From Richville, in Tuscola County, it’s not so obvious where the trail might have gone. It probably split into several branches. Michigan Highway M-15 angles northward from Richville to Bay City. But in perfect alignment with the trail, if it left Richville continuing northwesterly, there is an old community in Saginaw County called “Indiantown.” According to a 2011 book by Ruth Ederer entitled, Indiantown: An Ojibwe Village Becomes A Farm Community, this was the site where: “…a band of Chippewa Indians lived along both sides of the Cheboyganing Creek for more than a century. The United States Government granted several acres of swampland after 1850 to local Indian Chief Noc-a-chick-a-me, who signed the Treaty of 1819, Medicine Man John Me-Squon-da, and Luke Ne-te-mp, who lived to be 120 years old.” Their descendants later sold the land to German immigrants who turned it into farmland.

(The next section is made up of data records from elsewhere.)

(* Suppose that $S_N$ admits the weak global Edgeworth expansion of order $0$ for all $f\in F^1_0$, with leading polynomial $P_{0,g}\equiv1$ and asymptotic mean $A=0$, i.e. $\mathbb{E}(f(S_N))=\int\mathfrak{n}(z)f(z\sqrt{N})\,dz+C^1_0(f)\,o(N^{-1/2})$ with the $o$-term independent of $f$. Let $(u_N)$ be a real sequence with $\lim_{N\to\infty}u_N/\sqrt{N}=u$. Then for all $a<b$, $$\lim_{N\to\infty}\frac{\sqrt{N}}{b-a}\,\mathbb{P}\big(S_N\in(u_N+a,u_N+b)\big)=\frac{1}{\sqrt{2\pi\sigma^2}}e^{-\frac{u^2}{2\sigma^2}}.$$
   Context: $X_1,X_2,\dots$ are real random variables, $S_N=\sum_{n=1}^N X_n$, $\sigma^2>0$, $\mathfrak{n}(y)=\frac{1}{\sqrt{2\pi\sigma^2}}e^{-y^2/(2\sigma^2)}$. $F^1_0$ is the space of continuously differentiable $f:\mathbb{R}\to\mathbb{C}$ with $C^1_0(f)=\max(\|f\|_{L^1},\|f'\|_{L^1})+\|f\|_{L^1}<\infty$. The asymptotic mean $A=\lim_N\mathbb{E}(S_N/N)$ is assumed to be $0$. *)

theory Defs
  imports "HOL-Probability.Probability"
begin

definition normal_dens :: "real \<Rightarrow> real \<Rightarrow> real" where
  "normal_dens sigma2 y = exp (- y\<^sup>2 / (2 * sigma2)) / sqrt (2 * pi * sigma2)"

definition F10 :: "(real \<Rightarrow> complex) \<Rightarrow> bool" where
  "F10 f \<longleftrightarrow> (\<forall>x. f differentiable (at x))
     \<and> continuous_on UNIV (\<lambda>x. vector_derivative f (at x))
     \<and> integrable lborel f
     \<and> integrable lborel (\<lambda>x. vector_derivative f (at x))"

definition C10 :: "(real \<Rightarrow> complex) \<Rightarrow> real" where
  "C10 f = max (\<integral>x. norm (f x) \<partial>lborel) (\<integral>x. norm (vector_derivative f (at x)) \<partial>lborel)
           + (\<integral>x. norm (f x) \<partial>lborel)"

end

theory Submission
  imports Defs "HOL-Real_Asymp.Real_Asymp"
begin

text \<open>
  Squeeze the indicator of (a, b) between two C^1 bumps G <= 1_(a,b) <= H whose integrals
  differ from b - a by at most 2e. For a C^1 function G with G, G' integrable, every translate
  G(. - v) lies in F^1_0 with the same constant C^1_0, so the Edgeworth expansion gives
  sqrt N E G(S_N - u_N) = sqrt N \<integral> n(z) G(z sqrt N - u_N) dz + o(1). Substituting
  x = z sqrt N - u_N turns the main term into \<integral> n((x + u_N) / sqrt N) G(x) dx, which tends
  to n(u) \<integral> G by dominated convergence. Letting e tend to 0 gives the local limit for intervals.
\<close>

lemma DERIV_comp_max:
  fixes g :: "real \<Rightarrow> real"
  assumes g: "\<And>s. (g has_real_derivative g' s) (at s)" and "g' c = 0"
  shows "((\<lambda>t. g (max c t)) has_real_derivative g' (max c t)) (at t)"
proof -
  consider "t < c" | "t = c" | "t > c" by linarith
  then show ?thesis
  proof cases
    case 1
    then have "eventually (\<lambda>y. g (max c y) = g c) (nhds t)"
      using eventually_nhds_in_open[of "{..<c}" t] by (auto elim: eventually_mono)
    then show ?thesis
      using 1 \<open>g' c = 0\<close> by (subst DERIV_cong_ev[OF refl _ refl]) auto
  next
    case 3
    then have "eventually (\<lambda>y. g (max c y) = g y) (nhds t)"
      using eventually_nhds_in_open[of "{c<..}" t] by (auto elim: eventually_mono)
    then show ?thesis
      using 3 g by (subst DERIV_cong_ev[OF refl _ refl]) auto
  next
    case 2
    have "((\<lambda>t. g (max c t)) has_real_derivative g' c) (at_left c)"
      by (subst has_field_derivative_cong_eventually[where g="\<lambda>_. g c"])
         (auto simp: eventually_at_filter \<open>g' c = 0\<close>)
    moreover have "((\<lambda>t. g (max c t)) has_real_derivative g' c) (at_right c)"
      by (subst has_field_derivative_cong_eventually[where g=g])
         (auto simp: eventually_at_filter intro: has_field_derivative_at_within g)
    ultimately show ?thesis
      using 2 by (simp add: has_field_derivative_iff filterlim_at_split)
  qed
qed
(* There exists a $\mathbb{Z}[t^{\pm 1/2}]$-algebra isomorphism $\widetilde{\Phi}_{\mathrm{A}\to \mathrm{B}}\colon \mathcal{K}_{t, \mathcal{Q}'_{2n-1}}\to \mathcal{K}_{t, \mathcal{Q}_{2n-2}^{\flat}}$ given by $\widetilde{\Phi}_{\mathrm{B}}\circ \widetilde{\Phi}_{\mathrm{A}}^{-1}$. Moreover, this restricts to a bijection from $\widetilde{\mathbf{S}}^{\xi'}=\{L_t^{\mathrm{A}}(m)\mid m\in \mathbb{B}^{\xi'}\}$ to $\widetilde{\mathbf{S}}^{\xi, \flat}=\{L_t(m)\mid m\in \mathbb{B}^{\xi, \flat}\}$.
   Context: Fix $n\geq 2$ and $q\in\mathbb{C}^\times$ not a root of unity. Let $\mathcal{Q}'_{2n-1}$ be a Dynkin quiver of type $\mathrm{A}_{2n-1}$ with an associated height function $\xi'$ (i.e. $\xi'(j)=\xi'(i)+1$ whenever there is an arrow $i\to j$). Let $\mathbb{B}^{\xi'}$ be the set of dominant monomials in the variables $Y_{i,r}$ with $(i,r)$ running over the labelling (via $\xi'$) of the vertices of the Auslander–Reiten quiver of $\mathcal{Q}'_{2n-1}$, and let $\mathcal{K}_{t, \mathcal{Q}'_{2n-1}}=\bigoplus_{m\in\mathbb{B}^{\xi'}}\mathbb{Z}[t^{\pm1/2}]L_t^{\mathrm{A}}(m)$ be the quantum Grothendieck ring of the Hernandez–Leclerc subcategory $\mathcal{C}_{\mathcal{Q}'_{2n-1}}$ of finite-dimensional modules over the quantum loop algebra of type $\mathrm{A}_{2n-1}^{(1)}$, where $L_t^{\mathrm{A}}(m)$ is the $(q,t)$-character of the simple module $L(m)$. Let $\mathcal{Q}_{2n-2}$ be a Dynkin quiver of type $\mathrm{A}_{2n-2}$ with an associated height function $\xi$, let $\flat\in\{>,<\}$, let $\mathbb{B}^{\xi,\flat}$ be the set of dominant monomials in the variables $Y_{i,r}$ with $(i,r)$ in the labelling $\overline{I}_{\xi}^{\mathrm{tw},\flat}$ of the twisted Auslander–Reiten quiver $\Upsilon_{[\mathcal{Q}_{2n-2}^\flat]}$, and let $\mathcal{K}_{t, \mathcal{Q}_{2n-2}^{\flat}}=\bigoplus_{m\in\mathbb{B}^{\xi,\flat}}\mathbb{Z}[t^{\pm1/2}]L_t(m)$ be the quantum Grothendieck ring of the corresponding monoidal subcategory $\mathcal{C}_{\mathcal{Q}_{2n-2}^{\flat}}$ of finite-dimensional modules over the quantum loop algebra of type $\mathrm{B}_n^{(1)}$, with $L_t(m)$ the $(q,t)$-character of $L(m)$. Let $\mathcal{A}_v[N_-^{\mathrm{A}_{2n-1}}]$ be the quantized coordinate algebra of type $\mathrm{A}_{2n-1}$ with normalized dual canonical basis $\widetilde{\mathbf{B}}^{\mathrm{up}}$. Let $\widetilde{\Phi}_{\mathrm{A}}\colon\mathcal{A}_v[N_-^{\mathrm{A}_{2n-1}}]\to\mathcal{K}_{t, \mathcal{Q}'_{2n-1}}$ be the Hernandez–Leclerc $\mathbb{Z}$-algebra isomorphism ($v^{\pm1/2}\mapsto t^{\mp1/2}$, normalized unipotent quantum minors $\mapsto$ $(q,t)$-characters of Kirillov–Reshetikhin modules), which maps $\widetilde{\mathbf{B}}^{\mathrm{up}}$ bijectively onto $\{L_t^{\mathrm{A}}(m)\mid m\in \mathbb{B}^{\xi'}\}$, and let $\widetilde{\Phi}_{\mathrm{B}}\colon\mathcal{A}_v[N_-^{\mathrm{A}_{2n-1}}]\to\mathcal{K}_{t, \mathcal{Q}_{2n-2}^{\flat}}$ be the $\mathbb{Z}$-algebra isomorphism (with $v^{\pm1/2}\mapsto t^{\mp1/2}$) constructed in the paper, which maps $\widetilde{\mathbf{B}}^{\mathrm{up}}$ bijectively onto $\{L_t(m)\mid m\in \mathbb{B}^{\xi, \flat}\}$. *)

theory Defs
  imports Main
begin

text \<open>The quantum coordinate algebra and the two
quantum Grothendieck rings are modelled as (possibly noncommutative) unital rings
carrying a scalar action of a commutative coefficient ring (standing for
Z[v^(+-1/2)] resp. Z[t^(+-1/2)]).\<close>

definition ring_iso :: "('a::ring_1 \<Rightarrow> 'b::ring_1) \<Rightarrow> bool" where
  "ring_iso f \<longleftrightarrow> bij f \<and> (\<forall>x y. f (x + y) = f x + f y)
     \<and> (\<forall>x y. f (x * y) = f x * f y) \<and> f 1 = 1"

definition is_algebra :: "('r::comm_ring_1 \<Rightarrow> 'a::ring_1 \<Rightarrow> 'a) \<Rightarrow> bool" where
  "is_algebra sm \<longleftrightarrow>
     (\<forall>x. sm 1 x = x) \<and>
     (\<forall>c d x. sm (c * d) x = sm c (sm d x)) \<and>
     (\<forall>c d x. sm (c + d) x = sm c x + sm d x) \<and>
     (\<forall>c x y. sm c (x + y) = sm c x + sm c y) \<and>
     (\<forall>c x y. sm c (x * y) = sm c x * y) \<and>
     (\<forall>c x y. sm c (x * y) = x * sm c y)"

text \<open>A ring isomorphism which is semilinear along the coefficient map tau
(e.g. tau: v^(+-1/2) maps to t^(-+1/2)). With tau = id this is an algebra isomorphism.\<close>
definition semilinear_iso ::
  "('r \<Rightarrow> 'a::ring_1 \<Rightarrow> 'a) \<Rightarrow> ('s \<Rightarrow> 'b::ring_1 \<Rightarrow> 'b) \<Rightarrow> ('r \<Rightarrow> 's)
     \<Rightarrow> ('a \<Rightarrow> 'b) \<Rightarrow> bool" where
  "semilinear_iso smA smB \<tau> f \<longleftrightarrow> ring_iso f \<and> (\<forall>c x. f (smA c x) = smB (\<tau> c) (f x))"

definition algebra_iso ::
  "('r \<Rightarrow> 'a::ring_1 \<Rightarrow> 'a) \<Rightarrow> ('r \<Rightarrow> 'b::ring_1 \<Rightarrow> 'b) \<Rightarrow> ('a \<Rightarrow> 'b) \<Rightarrow> bool" where
  "algebra_iso smA smB f \<longleftrightarrow> semilinear_iso smA smB id f"

end

theory Submission
  imports Defs
begin

text \<open>The composite is an isomorphism because semilinear isomorphisms are closed under
inversion and composition, and the twists cancel: \<open>\<tau> \<circ> inv \<tau> = id\<close>. The basis statement
only uses that both maps are bijections which carry the same set onto the two sets of
simple characters.\<close>

lemma ring_iso_inv:
  assumes "ring_iso f"
  shows "ring_iso (inv f)"
proof -
  have bij: "bij f" and add: "\<And>x y. f (x + y) = f x + f y"
    and mult: "\<And>x y. f (x * y) = f x * f y" and one: "f 1 = 1"
    using assms by (auto simp: ring_iso_def)
  have f_inv: "\<And>y. f (inv f y) = y" and inv_f: "\<And>x. inv f (f x) = x"
    using bij by (simp_all add: bij_is_surj surj_f_inv_f bij_is_inj)
  have "inv f (x + y) = inv f x + inv f y" for x y
    by (metis add f_inv inv_f)
  moreover have "inv f (x * y) = inv f x * inv f y" for x y
    by (metis mult f_inv inv_f)
  ultimately show ?thesis
    using bij one inv_f by (metis ring_iso_def bij_imp_bij_inv)
qed

lemma ring_iso_comp:
  assumes "ring_iso f" and "ring_iso g"
  shows "ring_iso (g \<circ> f)"
  using assms by (simp add: ring_iso_def bij_comp)

lemma semilinear_iso_inv:
  assumes "semilinear_iso smA smB \<tau> f" and "bij \<tau>"
  shows "semilinear_iso smB smA (inv \<tau>) (inv f)"
proof -
  have iso: "ring_iso f" and lin: "\<And>c x. f (smA c x) = smB (\<tau> c) (f x)"
    using assms(1) by (auto simp: semilinear_iso_def)
  have "bij f" using iso by (simp add: ring_iso_def)
  then have f_inv: "\<And>y. f (inv f y) = y" and inv_f: "\<And>x. inv f (f x) = x"
    by (simp_all add: bij_is_surj surj_f_inv_f bij_is_inj)
  have tau_inv: "\<And>c. \<tau> (inv \<tau> c) = c"
    using assms(2) by (simp add: bij_is_surj surj_f_inv_f)
  have "inv f (smB c y) = smA (inv \<tau> c) (inv f y)" for c y
    by (metis lin f_inv inv_f tau_inv)
  then show ?thesis
    using iso by (simp add: semilinear_iso_def ring_iso_inv)
qed

lemma semilinear_iso_comp:
  assumes "semilinear_iso smA smB \<sigma> f" and "semilinear_iso smB smC \<tau> g"
  shows "semilinear_iso smA smC (\<tau> \<circ> \<sigma>) (g \<circ> f)"
  using assms by (simp add: semilinear_iso_def ring_iso_comp)

lemma bij_betw_inv_of_bij:
  assumes "bij f" and "bij_betw f A B"
  shows "bij_betw (inv f) B A"
proof -
  have "bij_betw (inv_into A f) B A" using assms(2) by (rule bij_betw_inv_into)
  moreover have "inv_into A f y = inv f y" if "y \<in> B" for y
    using that assms by (metis bij_betw_imp_surj_on bij_is_inj f_inv_into_f inv_f_f)
  ultimately show ?thesis using bij_betw_cong by blast
qed

theorem theorem12p2:
  fixes smN :: "'v::comm_ring_1 \<Rightarrow> 'a::ring_1 \<Rightarrow> 'a"
    and smA :: "'r::comm_ring_1 \<Rightarrow> 'k1::ring_1 \<Rightarrow> 'k1"
    and smB :: "'r \<Rightarrow> 'k2::ring_1 \<Rightarrow> 'k2"
    and \<tau> :: "'v \<Rightarrow> 'r"
    and PhiA :: "'a \<Rightarrow> 'k1" and PhiB :: "'a \<Rightarrow> 'k2"
    and Bup :: "'a set" and SA :: "'k1 set" and SB :: "'k2 set"
  assumes "is_algebra smN" and "is_algebra smA" and "is_algebra smB"
    and "ring_iso \<tau>"
    and "semilinear_iso smN smA \<tau> PhiA"
    and "semilinear_iso smN smB \<tau> PhiB"
    and "bij_betw PhiA Bup SA"
    and "bij_betw PhiB Bup SB"
  shows "algebra_iso smA smB (PhiB \<circ> inv PhiA)
         \<and> bij_betw (PhiB \<circ> inv PhiA) SA SB"
proof
  have bij_tau: "bij \<tau>" using assms(4) by (simp add: ring_iso_def)
  have "semilinear_iso smA smB (\<tau> \<circ> inv \<tau>) (PhiB \<circ> inv PhiA)"
    using semilinear_iso_comp[OF semilinear_iso_inv[OF assms(5) bij_tau] assms(6)] .
  moreover have "\<tau> \<circ> inv \<tau> = id"
    using bij_tau by (simp add: bij_is_surj surj_f_inv_f fun_eq_iff)
  ultimately show "algebra_iso smA smB (PhiB \<circ> inv PhiA)"
    by (simp add: algebra_iso_def)
  have "bij PhiA" using assms(5) by (simp add: semilinear_iso_def ring_iso_def)
  then show "bij_betw (PhiB \<circ> inv PhiA) SA SB"
    using bij_betw_trans[OF bij_betw_inv_of_bij assms(8)] assms(7) by blast
qed

end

Several sources, including Wilbert B. Hinsdale, say that the Saginaw area was the epicenter of the Native American population in Michigan. Hinsdale identified the location of 109 Chippewa (also known as Ojibwe) villages in the area. It was the hub of many trails leading in all directions to other parts of Michigan, and it was where the Tittabawassee, Shiawassee, Cass, and Flint Rivers all converged to form the Saginaw River, which flows into Saginaw Bay. So, it was also the perfect hub for water travel by canoe, up the various rivers or out into Lake Huron.

The Port Huron area was also an important site of Native American settlement. Hinsdale identified 22 burial mounds in that vicinity and several villages. There was a Chippewa reservation in Port Huron on the south side of Black River from 1807 to 1836. It makes sense that there would be a direct trail from Port Huron to the Saginaw area.

So far, I have only one other piece of corroborating evidence for the trail. A friend of mine, Carrie Ferguson, grew up on a farm along Fremont Road in Speaker Township, which would have been part of the trail. She said her father told her that there was a story in the family about how “Indians” used to walk along the road in front of their farmhouse. That farmhouse, still standing, is of an architectural style known as Greek Revival, which indicates it was built about 1850 to 1860. That means it would have been there when some Native Americans were probably still making the trek on foot between Port Huron and Saginaw.